Decribe factor analysis
Factor analysis is similar to principal component analysis, except that factor analysis is used to describe observed variables in terms of fewer unobserved variables called “factors” and can be seen as more efficient.
Factor analysis is often used as the second stage of principal component analysis. In terms of the process, step one is to standardize principal components. Then, the values of the new variables (factor loadings) should be standardized such that the mean equals zero and the standard deviation is equal to one. Even though factor loadings are not comparable (from a size and range perspective) to original variables, they are comparable to each other.

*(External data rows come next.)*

lemma lat_pred_Qzeta:
  assumes "1 < n" "a (n - 1) \<noteq> 0"
  shows "lat_pred (Ksub n) (L_n0 n a \<L>0) (Qzeta n a) = Fk (n - 1)"
proof -
  let ?Q = "Qzeta n a :: (nat \<Rightarrow> 'a) set"
  have Q: "Ksub n ?Q"
    by (rule Ksub_Qzeta[of a n, OF a0])
  have F: "Ksub n (Fk (n - 1) :: (nat \<Rightarrow> 'a) set)"
    by (rule Ksub_Fk) simp
  show ?thesis
  proof (cases "\<exists>v::'a. v \<noteq> 0")
    case False
    then have "?Q = {0}" "Fk (n - 1) = ({0} :: (nat \<Rightarrow> 'a) set)"
      using Ksub_eq_zero_if_trivial[OF False Q] Ksub_eq_zero_if_trivial[OF False F] by simp_all
    then show ?thesis
      by (simp add: lat_pred_def)
  next
    case True
    then obtain v :: 'a where v: "v \<noteq> 0"
      by blast
    show ?thesis
    proof (rule lat_pred_L_n0_eqI[OF _ _ F])
      show "?Q \<noteq> {0}"
        using Qzeta_not_subset_Fk[OF v, of 0 n a] n a0 by (auto simp: Fk_0)
      show "?Q \<subseteq> Kspace n"
        using Q Ksub.csub_subset_Top by blast
      show "?Q \<subseteq> E11_tensor P \<or> E11_tensor P \<subseteq> Fk (n - 1)" for P
        using E11_tensor_subset_Fk[of "n - 1" P] assms(1) by simp
      show "?Q \<subseteq> Fk j \<or> Fk j \<subseteq> Fk (n - 1)" if "j \<le> n" for j
      proof (cases "j = n")
        case True
        then show ?thesis
          using \<open>?Q \<subseteq> Kspace n\<close> by (simp add: Fk_eq_Kspace)
      next
        case False
        then show ?thesis
          using that by (intro disjI2 Fk_mono) linarith
      qed
      show "Fk (n - 1) \<subseteq> lat_join (Ksub n) {Q \<in> L_n0 n a \<L>0. \<not> ?Q \<subseteq> Q}"
        using Fk_in_L_n0[of "n - 1"] Qzeta_not_subset_Fk[OF v, of "n - 1" n a] assms
        by (intro lat_join_upper) auto
    qed simp
  qed
qed

lemma lat_pred_Kspace:
  assumes "1 < n" "a 1 \<noteq> 0" "a (n - 1) \<noteq> 0"
  shows "lat_pred (Ksub n) (L_n0 n a \<L>0) (Kspace n) = Kspace n"
proof -
  let ?K = "Kspace n :: (nat \<Rightarrow> 'a) set"
  show ?thesis
  proof (cases "\<exists>v::'a. v \<noteq> 0")
    case False
    have "?K = {0}"
      by (rule Ksub_eq_zero_if_trivial[OF False Ksub.csub_Top])
    then show ?thesis
      by (simp add: lat_pred_def)
  next
    case True
    then obtain v :: 'a where v: "v \<noteq> 0"
      by blast
    define J where "J = lat_join (Ksub n) {Q \<in> L_n0 n a \<L>0. \<not> ?K \<subseteq> Q}"
    have J: "Ksub n J"
      unfolding J_def by (rule Ksub_lat_join_L_n0) blast
    have FJ: "Fk (n - 1) \<subseteq> J"
      unfolding J_def using Fk_in_L_n0[of "n - 1"] Fk_not_subset_Fk[OF v, of "n - 1" n] assms(1)
      by (intro lat_join_upper) (simp add: Fk_eq_Kspace)
    have QJ: "Qzeta n a \<subseteq> J"
      unfolding J_def using Qzeta_in_L_n0 Fk_not_subset_Qzeta[OF v, of n n a] assms
      by (intro lat_join_upper) (simp add: Fk_eq_Kspace)
    have "?K \<subseteq> J"
    proof
      fix x assume "x \<in> ?K"
      then obtain y z where "y \<in> Fk (n - 1)" "z \<in> Qzeta n a" and x: "x = (\<lambda>i. y i + z i)"
        using Kspace_decompose_Fk_Qzeta[of n a x] assms by auto
      then have "y \<in> J" "z \<in> J"
        using FJ QJ by blast+
      moreover have "\<forall>y\<in>J. \<forall>z\<in>J. (\<lambda>i. y i + z i) \<in> J"
        using J unfolding Ksub_def by blast
      ultimately show "x \<in> J"
        unfolding x by blast
    qed
    moreover have "J \<subseteq> ?K"
      using J Ksub.csub_subset_Top by blast
    ultimately have "J = ?K"
      by blast
    moreover have "?K \<noteq> {0}"
      using Fk_not_subset_Fk[OF v, of 0 n] assms(1) unfolding Fk_0 Fk_eq_Kspace[of n] by auto
    ultimately show ?thesis
      unfolding lat_pred_def J_def by presburger
  qed
qed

Factors will be contingent on the criteria used to conduct what is called the “rotation.” The varimax method is a rotation method used to target either small or large loadings of a particular variable associated with each factor. As a result of iteratively rotating factor pairs, the resulting solution yields results that make it feasible to identify each variable tied to a single factor. A final solution is reached once the last round provides no added benefit.

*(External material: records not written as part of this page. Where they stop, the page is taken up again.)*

(* Let $L$ be a bounded lattice and $A:L^2\to L$ a uninorm with neutral element $a\in L$. A function $F:L^2\to L$ is $A$-migrative if and only if there exists a function $f:L\to L$ such that $F(x,y)=f(A(x,y))$ for all $x,y\in L$.
   Context: A uninorm on $L$ is a map $A:L^2\to L$ that is commutative, associative, non-decreasing in each argument and has a neutral element $a\in L$ ($A(a,x)=x$ for all $x$). For $\alpha\in L$, $F:L^2\to L$ is $(\alpha,A)$-migrative if $F(A(\alpha,x),y)=F(x,A(\alpha,y))$ for all $x,y\in L$; $F$ is $A$-migrative if it is $(\alpha,A)$-migrative for every $\alpha\in L$. *)

theory Defs
  imports Main
begin

definition uninorm :: "('a::bounded_lattice \<Rightarrow> 'a \<Rightarrow> 'a) \<Rightarrow> 'a \<Rightarrow> bool" where
  "uninorm A a \<longleftrightarrow>
     (\<forall>x y. A x y = A y x) \<and>
     (\<forall>x y z. A (A x y) z = A x (A y z)) \<and>
     (\<forall>x y z. x \<le> y \<longrightarrow> A x z \<le> A y z) \<and>
     (\<forall>x y z. x \<le> y \<longrightarrow> A z x \<le> A z y) \<and>
     (\<forall>x. A a x = x)"

definition alpha_migrative :: "'a \<Rightarrow> ('a \<Rightarrow> 'a \<Rightarrow> 'a) \<Rightarrow> ('a \<Rightarrow> 'a \<Rightarrow> 'a) \<Rightarrow> bool" where
  "alpha_migrative \<alpha> A F \<longleftrightarrow> (\<forall>x y. F (A \<alpha> x) y = F x (A \<alpha> y))"

definition migrative :: "('a \<Rightarrow> 'a \<Rightarrow> 'a) \<Rightarrow> ('a \<Rightarrow> 'a \<Rightarrow> 'a) \<Rightarrow> bool" where
  "migrative A F \<longleftrightarrow> (\<forall>\<alpha>. alpha_migrative \<alpha> A F)"

end

theory Submission
  imports Defs
begin

text \<open>Only the commutative monoid structure of a uninorm matters. If F is A-migrative, then
  taking \<alpha> = x and moving x across at the neutral element gives F x y = F a (A x y), so
  f = F a works. Conversely, F x y = f (A x y) is migrative because
  A (A \<alpha> x) y = A x (A \<alpha> y) by associativity and commutativity.\<close>

lemma uninorm_imp_comm_monoid:
  assumes "uninorm A a"
  shows "comm_monoid A a"
  using assms unfolding uninorm_def by unfold_locales auto

lemma (in comm_monoid) migrative_imp_factors_through:
  assumes "migrative f F"
  shows "F x y = F \<^bold>1 (x \<^bold>* y)"
proof -
  have "F (x \<^bold>* \<^bold>1) y = F \<^bold>1 (x \<^bold>* y)"
    using assms unfolding migrative_def alpha_migrative_def by blast
  then show ?thesis by simp
qed

lemma (in abel_semigroup) factors_through_imp_migrative:
  assumes "\<And>x y. F x y = g (x \<^bold>* y)"
  shows "migrative f F"
  unfolding migrative_def alpha_migrative_def assms by (simp add: ac_simps)

theorem mainTheorem6:
  fixes A F :: "'a::bounded_lattice \<Rightarrow> 'a \<Rightarrow> 'a" and a :: 'a
  assumes "uninorm A a"
  shows "migrative A F \<longleftrightarrow> (\<exists>f :: 'a \<Rightarrow> 'a. \<forall>x y. F x y = f (A x y))"
proof
  interpret comm_monoid A a
    using assms by (rule uninorm_imp_comm_monoid)
  show "migrative A F \<Longrightarrow> \<exists>f. \<forall>x y. F x y = f (A x y)"
    using migrative_imp_factors_through by blast
  show "\<exists>f. \<forall>x y. F x y = f (A x y) \<Longrightarrow> migrative A F"
    using factors_through_imp_migrative by blast
qed

end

Canonical correlation method
- The canonical correlation method is a technique used to address the correspondence between a set of independent variables and a set of dependent variables.
- As an example, if an analyst wanted to understand what is explaining the default rate and any changes in default rates over various time horizons, he can look at the relationship between default rate factors and financial ratio factors and understand what common dimensions existed between the tests and the degree of shared variance.
- This analysis, which is a type of factor analysis, helps us find linear combinations of the two sets that have a maximum correlation with each other. From this analysis, we can determine how many factors are embedded in the set of dependent variables and what the corresponding factors are out of the independent variables that have maximum correlations with the factors from the dependent variable set. The factors from both sets are independent of one another.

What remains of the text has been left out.